Friday, November 23, 2007

disqus

I decided to give Disqus a try and replace Blogger's default commenting system. I have kept a copy of my old template just in case, as Disqus is very much in beta version right now. Not that I get a lot of comments anyway...

Monday, November 05, 2007

concurrency

An awesome book on concurrency that all Java programmers ought to read before embarking on anything more complicated than the primordial Hello World application. I cannot help but reiterate here an example on one of my favourite subjects, that of publication safety. A typical (yet unsafe) lazy initialisation is shown below:


public class LazyInitialization {
    private static Resource resource;

    public static Resource getInstance() {
        if (resource == null)
            resource = new Resource();
        return resource;
    }
}
There's two issues with this approach. The first is easy to spot: if threads A and B call getInstance() at the same time, they may both see resource as null and both proceed in creating a Resource instance, hence ending up creating two different instances even though getInstance() is supposed to always return the one and the same instance.
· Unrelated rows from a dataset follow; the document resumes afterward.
(* For every $n\ge1$ and $1\le r\le n$, $$t_{n,r}(\mathbf w)=\binom{n-1}{r-1}P_{n-r}(n;\mathbf w),$$ and $t_{n,0}(\mathbf w)=0$. Equivalently, $E_n(t;\mathbf w):=\sum_{r\ge0}t_{n,r}(\mathbf w)t^r=\sum_{r\ge1}\binom{n-1}{r-1}P_{n-r}(n;\mathbf w)\,t^r$. In particular the total weight of rooted spanning hypertrees is $t_{n,1}(\mathbf w)=P_{n-1}(n;\mathbf w)$, and the total weight of (unrooted) spanning hypertrees is $u_{n,1}(\mathbf w)=P_{n-1}(n;\mathbf w)/n$.
   Context: The complete hypergraph $\overline{\mathcal K}_n$ has vertex set $V=\{1,\dots,n\}$ and as hyperedges all subsets $A\subseteq V$ with $|A|\ge2$. A walk connecting $v_0$ to $v_m$ is a sequence $(v_0,e_1,v_1,\dots,e_m,v_m)$ of vertices and hyperedges with $v_{i-1},v_i\in e_i$; a cycle is such a walk with $m\ge2$, $v_0,\dots,v_{m-1}$ distinct, $v_m=v_0$ and $e_1,\dots,e_m$ distinct. A spanning hyperforest is a set $F$ of hyperedges such that $(V,F)$ contains no cycle; its connected components (equivalence classes of vertices under connection by walks in $F$, isolated vertices included) are hypertrees. A rooted spanning hyperforest is a spanning hyperforest with one distinguished vertex (root) in each component. Given weights $\mathbf w=(w_k)_{k\ge2}$, each hyperforest $F$ has weight $\prod_{A\in F}w_{|A|}$. $t_{n,r}(\mathbf w)$ is the total weight of rooted spanning hyperforests of $\overline{\mathcal K}_n$ with exactly $r$ components, and $u_{n,p}(\mathbf w)$ the total weight of (unrooted) spanning hyperforests with exactly $p$ components. The polynomials $P_s(x;\mathbf w)$ are defined by $\exp[x\sum_{k\ge2}w_k y^{k-1}/(k-1)!]=\sum_{s\ge0}P_s(x;\mathbf w)y^s/s!$. *)

theory Defs
  imports "HOL-Computational_Algebra.Formal_Power_Series"
begin

definition hyperedges :: "nat \<Rightarrow> nat set set" where
  "hyperedges n = {A. A \<subseteq> {1..n} \<and> 2 \<le> card A}"

text \<open>A walk (v_0,e_1,v_1,...,e_m,v_m) in F: vs = [v_0..v_m], es = [e_1..e_m].\<close>
definition is_walk :: "nat set set \<Rightarrow> nat list \<Rightarrow> nat set list \<Rightarrow> bool" where
  "is_walk F vs es \<longleftrightarrow> length vs = Suc (length es) \<and>
     (\<forall>i < length es. es ! i \<in> F \<and> vs ! i \<in> es ! i \<and> vs ! Suc i \<in> es ! i)"

definition is_cycle :: "nat set set \<Rightarrow> nat list \<Rightarrow> nat set list \<Rightarrow> bool" where
  "is_cycle F vs es \<longleftrightarrow> is_walk F vs es \<and> 2 \<le> length es \<and>
     distinct (butlast vs) \<and> last vs = hd vs \<and> distinct es"

definition spanning_hyperforest :: "nat \<Rightarrow> nat set set \<Rightarrow> bool" where
  "spanning_hyperforest n F \<longleftrightarrow> F \<subseteq> hyperedges n \<and> \<not> (\<exists>vs es. is_cycle F vs es)"

definition connected_by :: "nat set set \<Rightarrow> nat \<Rightarrow> nat \<Rightarrow> bool" where
  "connected_by F u v \<longleftrightarrow> (\<exists>vs es. is_walk F vs es \<and> hd vs = u \<and> last vs = v)"

definition components :: "nat \<Rightarrow> nat set set \<Rightarrow> nat set set" where
  "components n F = (\<lambda>u. {v \<in> {1..n}. connected_by F u v}) ` {1..n}"
text \<open>Gamma is the deck group of a compact Riemann surface X0 = D/Gamma:
  a group of disc automorphisms acting freely and properly discontinuously
  on the disc with compact quotient.\<close>
definition cocompact_deck_group :: "(complex \<Rightarrow> complex) set \<Rightarrow> bool" where
  "cocompact_deck_group \<Gamma> \<longleftrightarrow>
     \<Gamma> \<subseteq> disc_auts \<and>
     (\<exists>e\<in>\<Gamma>. \<forall>z\<in>ball 0 1. e z = z) \<and>
     (\<forall>g\<in>\<Gamma>. \<forall>h\<in>\<Gamma>. \<exists>k\<in>\<Gamma>. \<forall>z\<in>ball 0 1. k z = g (h z)) \<and>
     (\<forall>g\<in>\<Gamma>. \<exists>k\<in>\<Gamma>. \<forall>z\<in>ball 0 1. k (g z) = z) \<and>
     (\<forall>g\<in>\<Gamma>. (\<exists>z\<in>ball 0 1. g z = z) \<longrightarrow> (\<forall>z\<in>ball 0 1. g z = z)) \<and>
     (\<forall>K. compact K \<and> K \<subseteq> ball 0 1 \<longrightarrow>
          finite {restrict g (ball 0 1) | g. g \<in> \<Gamma> \<and> g ` K \<inter> K \<noteq> {}}) \<and>
     (\<exists>K. compact K \<and> K \<subseteq> ball 0 1 \<and> (\<Union>g\<in>\<Gamma>. g ` K) = ball 0 1)"

text \<open>Geodesic currents: Gamma-invariant Radon (= locally finite Borel, G being locally
  compact, second countable) measures on G.\<close>
definition geodesic_currents :: "(complex \<Rightarrow> complex) set \<Rightarrow> (complex \<times> complex) measure set" where
  "geodesic_currents \<Gamma> = {\<alpha>. sets \<alpha> = sets (restrict_space borel geod_space) \<and>
      (\<forall>K. compact K \<and> K \<subseteq> geod_space \<longrightarrow> emeasure \<alpha> K < \<infinity>) \<and>
      (\<forall>g\<in>\<Gamma>. distr \<alpha> \<alpha> (geod_act g) = \<alpha>)}"

definition cc_test :: "(complex \<times> complex \<Rightarrow> real) \<Rightarrow> bool" where
  "cc_test \<xi> \<longleftrightarrow> continuous_on geod_space \<xi> \<and>
     (\<exists>K. compact K \<and> K \<subseteq> geod_space \<and> (\<forall>p\<in>geod_space - K. \<xi> p = 0))"

definition pairing :: "(complex \<times> complex) measure \<Rightarrow> (complex \<times> complex \<Rightarrow> real) \<Rightarrow> real" where
  "pairing \<alpha> \<xi> = integral\<^sup>L \<alpha> \<xi>"

definition bounded_currents :: "(complex \<Rightarrow> complex) set \<Rightarrow> (complex \<times> complex) measure set" where
  "bounded_currents \<Gamma> = {\<alpha> \<in> geodesic_currents \<Gamma>. \<forall>\<xi>. cc_test \<xi> \<longrightarrow>
      bdd_above ((\<lambda>\<phi>. \<bar>pairing \<alpha> (\<xi> \<circ> geod_act \<phi>)\<bar>) ` disc_auts)}"

definition weak_star_topology :: "(complex \<times> complex) measure set \<Rightarrow> (complex \<times> complex) measure topology" where
  "weak_star_topology C = topology_generated_by
     {{\<beta> \<in> C. \<bar>pairing \<beta> \<xi> - pairing \<alpha> \<xi>\<bar> < e} | \<alpha> \<xi> e. \<alpha> \<in> C \<and> cc_test \<xi> \<and> e > 0}"

definition uniform_weak_star_topology :: "(complex \<times> complex) measure set \<Rightarrow> (complex \<times> complex) measure topology" where
  "uniform_weak_star_topology C = topology_generated_by
     {{\<beta> \<in> C. (SUP \<phi>\<in>disc_auts. \<bar>pairing \<beta> (\<xi> \<circ> geod_act \<phi>) - pairing \<alpha> (\<xi> \<circ> geod_act \<phi>)\<bar>) < e}
       | \<alpha> \<xi> e. \<alpha> \<in> C \<and> cc_test \<xi> \<and> e > 0}"

end

theory Submission
  imports Defs
begin

text \<open>Every automorphism of the disc is a Moebius map z \<mapsto> u (z - a) / (1 - cnj a z) with
  |u| = 1 and |a| < 1. Precomposing with a deck transformation moves a into a compact set K whose
  translates cover the disc, and does not change the pairing of \<xi> \<circ> \<phi> with a current. So each
  uniform seminorm is a supremum over the compact set of parameters (u, k) with |u| = 1, k \<in> K.
  All these translates of \<xi> are supported in one compact set L, which bounds them by
  sup |\<xi>| times the mass of L; and they form a compact, hence totally bounded, family in the sup
  norm, so finitely many weak* conditions, together with one test function dominating the
  indicator of L, control the whole supremum.\<close>

lemma borel_measurable_continuous_on_space:
  assumes "sets M = sets (restrict_space borel S)" "continuous_on S f"
  shows "f \<in> borel_measurable M"
  using borel_measurable_continuous_on_restrict[OF assms(2)]
  by (subst measurable_cong_sets[OF assms(1) refl])

lemma measurable_continuous_self_map:
  assumes "sets M = sets (restrict_space borel S)" "continuous_on S T" "T ` S \<subseteq> S"
  shows "T \<in> measurable M M"
proof -
  have "T \<in> measurable (restrict_space borel S) (restrict_space borel S)"
    by (rule measurable_restrict_space2)
       (use borel_measurable_continuous_on_restrict[OF assms(2)] assms(3) in \<open>auto simp: space_restrict_space\<close>)
  then show ?thesis
    using measurable_cong_sets[OF assms(1) assms(1)] by simp
qed

lemma integral_bounded_compact_support:
  fixes f :: "'a::t2_space \<Rightarrow> real"
  assumes sets: "sets M = sets (restrict_space borel S)"
    and L: "compact L" "L \<subseteq> S" "emeasure M L < \<infinity>"
    and f: "continuous_on S f" "\<And>p. p \<in> S - L \<Longrightarrow> f p = 0" "\<And>p. p \<in> S \<Longrightarrow> \<bar>f p\<bar> \<le> B"
  shows "integrable M f" "\<bar>integral\<^sup>L M f\<bar> \<le> B * measure M L"
proof -
  have space: "space M = S"
    using sets_eq_imp_space_eq[OF sets] by (simp add: space_restrict_space)
  have "L \<in> sets borel"
    using L(1) by (rule borel_compact)
  then have "S \<inter> L \<in> sets (restrict_space borel S)"
    by (auto simp: sets_restrict_space)
  then have L_sets: "L \<in> sets M"
    using L(2) sets by (simp add: Int_absorb1)
  have dom: "integrable M (\<lambda>x. B * indicator L x)"
    using L_sets L(3) by (intro integrable_mult_right integrable_real_indicator)
  have bound: "\<bar>f x\<bar> \<le> B * indicator L x" if "x \<in> space M" for x
    using that f(2,3) space by (cases "x \<in> L") auto
  show int: "integrable M f"
  proof (rule Bochner_Integration.integrable_bound[OF dom borel_measurable_continuous_on_space[OF sets f(1)]])
    show "AE x in M. norm (f x) \<le> norm (B * indicator L x :: real)"
      using bound by (intro AE_I2) fastforce
  qed
  have "\<bar>integral\<^sup>L M f\<bar> \<le> integral\<^sup>L M (\<lambda>x. \<bar>f x\<bar>)"
    using integral_norm_bound[of M f] by simp
  also have "\<dots> \<le> integral\<^sup>L M (\<lambda>x. B * indicator L x)"
    by (rule integral_mono) (use integrable_abs[OF int] dom bound in auto)
  also have "\<dots> = B * measure M L"
    using L_sets by (simp add: Int_absorb2 sets.sets_into_space)
  finally show "\<bar>integral\<^sup>L M f\<bar> \<le> B * measure M L" .
qed
(* Let $T$ be a weighted star (a star $K_{1,n}$ with nonzero real edge weights). Then $T^{\#}$ is isomorphic to $T$.
   Context: For a weighted graph $G$ with adjacency matrix $A$ (entry $(i,j)$ equal to the weight of edge $v_iv_j$, or $0$ if no edge), $A^{\#}$ is the group inverse of $A$ (unique $X$ with $AXA=A$, $XAX=X$, $AX=XA$), and the group inverse graph $G^{\#}$ is the weighted graph on the same vertex set with $v_iv_j$ an edge iff $(A^{\#})_{ij}\neq 0$, weighted by that entry. Two weighted graphs are called isomorphic if their underlying (unweighted) graphs are isomorphic. *)

theory Defs
  imports "HOL-Analysis.Analysis"
begin

text \<open>A weighted graph on the finite vertex type 'n is given by its adjacency
matrix A (symmetric; entry (i,j) is the weight of edge ij, 0 if no edge).\<close>

definition is_group_inverse :: "real^'n^'n \<Rightarrow> real^'n^'n \<Rightarrow> bool" where
  "is_group_inverse A X \<longleftrightarrow> A ** X ** A = A \<and> X ** A ** X = X \<and> A ** X = X ** A"

definition group_inverse :: "real^'n^'n \<Rightarrow> real^'n^'n" where
  "group_inverse A = (THE X. is_group_inverse A X)"

definition weighted_star :: "real^'n^'n \<Rightarrow> bool" where
  "weighted_star A \<longleftrightarrow> transpose A = A \<and> (\<forall>i. A $ i $ i = 0) \<and>
     (\<exists>c. \<forall>i j. i \<noteq> j \<longrightarrow> (A $ i $ j \<noteq> 0 \<longleftrightarrow> (i = c \<or> j = c)))"

definition underlying_iso :: "real^'n^'n \<Rightarrow> real^'n^'n \<Rightarrow> bool" where
  "underlying_iso A B \<longleftrightarrow> (\<exists>f. bij f \<and> (\<forall>i j. A $ i $ j \<noteq> 0 \<longleftrightarrow> B $ f i $ f j \<noteq> 0))"

end

theory Submission
  imports Defs
begin

(* A weighted star with centre c is A = a e_c^T + e_c a^T, where a is the weight vector of
   the centre (a_c = 0). Then A^2 = a a^T + (a . a) e_c e_c^T and A^3 = (a . a) A, so
   A / (a . a) satisfies the three group-inverse equations; being a nonzero multiple of A,
   it has the same underlying graph. *)

lemma is_group_inverse_unique:
  assumes "is_group_inverse A X" and "is_group_inverse A Y"
  shows "X = Y"
proof -
  have X: "A ** X ** A = A" "X ** A ** X = X" "A ** X = X ** A"
    and Y: "A ** Y ** A = A" "Y ** A ** Y = Y" "A ** Y = Y ** A"
    using assms unfolding is_group_inverse_def by auto
  have AX_eq_AY: "A ** X = A ** Y"
  proof -
    have "A ** X = (A ** Y ** A) ** X" using Y(1) by simp
    also have "\<dots> = (Y ** A) ** (A ** X)" by (simp add: matrix_mul_assoc Y(3))
    also have "\<dots> = Y ** (A ** X ** A)" by (metis matrix_mul_assoc X(3))
    also have "\<dots> = A ** Y" using X(1) Y(3) by simp
    finally show ?thesis .
  qed
  have "X = X ** (A ** X)" using X(2) by (simp add: matrix_mul_assoc)
  also have "\<dots> = (A ** Y) ** Y" by (metis matrix_mul_assoc AX_eq_AY X(3))
  also have "\<dots> = Y" using Y(2,3) by (simp add: matrix_mul_assoc)
  finally show ?thesis .
qed

lemma group_inverse_eqI:
  assumes "is_group_inverse A X"
  shows "group_inverse A = X"
  unfolding group_inverse_def using assms is_group_inverse_unique by blast

lemma is_group_inverse_scaleR_self:
  assumes "A ** A ** A = s *\<^sub>R A" and "s \<noteq> 0"
  shows "is_group_inverse A (inverse s *\<^sub>R A)"
  using assms unfolding is_group_inverse_def
  by (simp add: matrix_scalar_ac scalar_matrix_assoc[symmetric] matrix_mul_assoc)

lemma underlying_iso_scaleR:
  assumes "r \<noteq> 0"
  shows "underlying_iso A (r *\<^sub>R A)"
  unfolding underlying_iso_def using assms by (intro exI[of _ id]) auto

definition star_matrix :: "'n \<Rightarrow> real^'n \<Rightarrow> real^'n^'n" where
  "star_matrix c a = (\<chi> i j. (if i = c then a $ j else 0) + (if j = c then a $ i else 0))"

lemma star_matrix_square:
  fixes a :: "real^'n"
  assumes "a $ c = 0"
  shows "star_matrix c a ** star_matrix c a =
    (\<chi> i j. a $ i * a $ j + (if i = c \<and> j = c then a \<bullet> a else 0))"
  using assms
  by (auto simp add: vec_eq_iff matrix_matrix_mult_def star_matrix_def inner_vec_def algebra_simps
      sum.distrib if_distrib[of "\<lambda>x. x * _"] if_distrib[of "\<lambda>x. _ * x"] cong: if_cong)

lemma star_matrix_cube:
  fixes a :: "real^'n"
  assumes "a $ c = 0"
  shows "star_matrix c a ** star_matrix c a ** star_matrix c a = (a \<bullet> a) *\<^sub>R star_matrix c a"
  unfolding star_matrix_square[OF assms]
  using assms
  by (simp add: vec_eq_iff matrix_matrix_mult_def star_matrix_def inner_vec_def algebra_simps
      sum.distrib if_distrib[of "\<lambda>x. x * _"] if_distrib[of "\<lambda>x. _ * x"] sum_distrib_left[symmetric]
      cong: if_cong)

lemma weighted_starE:
  assumes "weighted_star A"
  obtains c a where "A = star_matrix c a" and "a $ c = 0" and "\<And>j. j \<noteq> c \<Longrightarrow> a $ j \<noteq> 0"
proof -
  obtain c where sym: "transpose A = A" and diag: "\<And>i. A $ i $ i = 0"
    and adj: "\<And>i j. i \<noteq> j \<Longrightarrow> A $ i $ j \<noteq> 0 \<longleftrightarrow> i = c \<or> j = c"
    using assms unfolding weighted_star_def by blast
  have column: "A $ i $ c = A $ c $ i" if "i \<noteq> c" for i
    using sym by (metis transpose_def vec_lambda_beta)
  have off_centre: "A $ i $ j = 0" if "i \<noteq> c" and "j \<noteq> c" for i j
    using diag adj[of i j] that by (cases "i = j") auto
  have "A = star_matrix c (A $ c)"
    unfolding star_matrix_def vec_eq_iff by (auto simp: diag column off_centre)
  moreover have "A $ c $ j \<noteq> 0" if "j \<noteq> c" for j
    using adj[of c j] that by blast
  ultimately show ?thesis
    using that diag by blast
qed

theorem corollary2p3:
  fixes A :: "real^'n^'n"
  assumes "CARD('n) \<ge> 2" and "weighted_star A"
  shows "(\<exists>!X. is_group_inverse A X) \<and> underlying_iso A (group_inverse A)"
proof -
  obtain c a where star: "A = star_matrix c a" and "a $ c = 0"
    and leaves: "\<And>j. j \<noteq> c \<Longrightarrow> a $ j \<noteq> 0"
    using weighted_starE[OF assms(2)] by blast
  have "\<not> UNIV \<subseteq> {c}"
  proof
    assume "UNIV \<subseteq> {c}"
    then have "CARD('n) \<le> card {c}" by (intro card_mono) auto
    with assms(1) show False by simp
  qed
  then have nonzero: "a \<bullet> a \<noteq> 0"
    using leaves by auto
  moreover have "A ** A ** A = (a \<bullet> a) *\<^sub>R A"
    unfolding star by (rule star_matrix_cube[OF \<open>a $ c = 0\<close>])
  ultimately have gi: "is_group_inverse A (inverse (a \<bullet> a) *\<^sub>R A)"
    by (rule is_group_inverse_scaleR_self[rotated])
  then have "\<exists>!X. is_group_inverse A X"
    by (rule ex1I) (rule is_group_inverse_unique[OF _ gi])
  moreover have "underlying_iso A (inverse (a \<bullet> a) *\<^sub>R A)"
    using nonzero by (intro underlying_iso_scaleR nonzero_imp_inverse_nonzero)
  ultimately show ?thesis
    unfolding group_inverse_eqI[OF gi] ..
qed

end
lemma real_analytic_continuous_on_deriv_funpow:
  "real_analytic f \<Longrightarrow> continuous_on UNIV ((deriv ^^ m) f)"
  by (meson DERIV_isCont continuous_at_imp_continuous_on real_analytic_has_real_derivative_deriv_funpow)

section \<open>Fourier coefficients\<close>

lemma periodic_2pi_plus_of_int:
  assumes "periodic_2pi f"
  shows "f (t + of_int q * (2 * pi)) = f t"
proof -
  interpret periodic_fun_simple f "2 * pi"
    using assms by unfold_locales (simp add: periodic_2pi_def)
  show ?thesis
    by (rule plus_of_int)
qed

lemma integral_periodic_shift:
  fixes G :: "real \<Rightarrow> 'a::banach"
  assumes cont: "continuous_on UNIV G" and per: "\<And>t. G (t + p) = G t" and "p > 0"
  shows "integral {0..p} (\<lambda>t. G (t + c)) = integral {0..p} G"
proof -
  interpret periodic_fun_simple G p
    using per by unfold_locales
  define h where "h = c - of_int \<lfloor>c / p\<rfloor> * p"
  have h: "0 \<le> h" "h \<le> p"
    using floor_divide_lower[OF \<open>p > 0\<close>, of c] floor_divide_upper[OF \<open>p > 0\<close>, of c]
    by (simp_all add: h_def algebra_simps)
  have int: "G integrable_on {a..b}" for a b
    by (rule integrable_continuous_interval) (rule continuous_on_subset[OF cont], simp)
  have "G (t + c) = G (t + h)" for t
    using plus_of_int[of "t + h" "\<lfloor>c / p\<rfloor>"] by (simp add: h_def algebra_simps)
  then have "integral {0..p} (\<lambda>t. G (t + c)) = integral {h..p + h} G"
    using integral_shift_Icc_real[of 0 p G h] by (simp add: o_def add.commute)
  also have "\<dots> = integral {h..p} G + integral {p..p + h} G"
    using Henstock_Kurzweil_Integration.integral_combine[of h p "p + h" G] int h by simp
  also have "integral {p..p + h} G = integral {0..h} G"
    using integral_shift_Icc_real[of 0 h G p] by (simp add: o_def add.commute plus_period)
  also have "integral {h..p} G + integral {0..h} G = integral {0..p} G"
    using Henstock_Kurzweil_Integration.integral_combine[of 0 h p G] int h by (simp add: add.commute)
  finally show ?thesis .
qed
(* Let $U=\{|z|<1/2\}$, $U^*=U\setminus\{0\}$, and let $u$ be a smooth real function on $U^*$ satisfying $\Delta u=e^{2u}$ on $U^*$ (where $\Delta=4\frac{\partial^2}{\partial z\partial\bar z}$), such that $v:=u+\ln|z|+\ln(-\ln|z|)$ extends to a continuous function on $U$. Let $\mathbf D=\{|z|<1/5\}$. Then $\int_{\mathbf D}|\nabla v|^2\,dx\,dy<+\infty$; more precisely, the pointwise gradient of $v$ on $\mathbf D\setminus\{0\}$ is square integrable and coincides, as a distribution on $\mathbf D$, with the distributional gradient of the continuous function $v$.
   Context: Integrals are with respect to Lebesgue measure on $\mathbb C\cong\mathbb R^2$, $z=x+iy$. *)

theory Defs
  imports "HOL-Analysis.Analysis"
begin

definition px :: "(complex \<Rightarrow> real) \<Rightarrow> complex \<Rightarrow> real" where
  "px f z = deriv (\<lambda>t::real. f (z + complex_of_real t)) 0"

definition py :: "(complex \<Rightarrow> real) \<Rightarrow> complex \<Rightarrow> real" where
  "py f z = deriv (\<lambda>t::real. f (z + \<i> * complex_of_real t)) 0"

text \<open>Iterated partial derivative: True = d/dx, False = d/dy (applied from the head).\<close>
fun pd_iter :: "bool list \<Rightarrow> (complex \<Rightarrow> real) \<Rightarrow> complex \<Rightarrow> real" where
  "pd_iter [] f = f"
| "pd_iter (b # bs) f = (if b then px (pd_iter bs f) else py (pd_iter bs f))"

text \<open>C-infinity smoothness on a set: every iterated partial derivative is
  (real-Frechet) differentiable on S.\<close>
definition smooth_on :: "complex set \<Rightarrow> (complex \<Rightarrow> real) \<Rightarrow> bool" where
  "smooth_on S f \<longleftrightarrow> (\<forall>ds. pd_iter ds f differentiable_on S)"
The second is much more subtle and has to do with publication. Suppose that thread A first invokes getInstance() and creates a Resource instance, then thread B sees that resource is non-null and returns the resource reference. B could observe however the write to the resource reference by A as occurring before writes to resource's fields by Resource's constructors! Hence, B could see a partially constructed Resource. One way this can be fixed is by making getInstance() synchronized. Another way is by changing the lazy initialization to eager:


public class LazyInitialization {
    private static Resource resource = new Resource();

    public static Resource getInstance() {
        return resource;
    }
}
Why does this work? Static initializers are run by JVM at class initialization time, i.e. before any thread has the chance to use the class. In addition, JVM acquires a lock while doing so, and this same lock is acquired by every thread at least once to ensure that the class has been loaded, therefore all memory writes made during initialization are visible to all threads. Any subsequent modifications will need to be synchronized of course between readers and writers, unless Resource is immutable.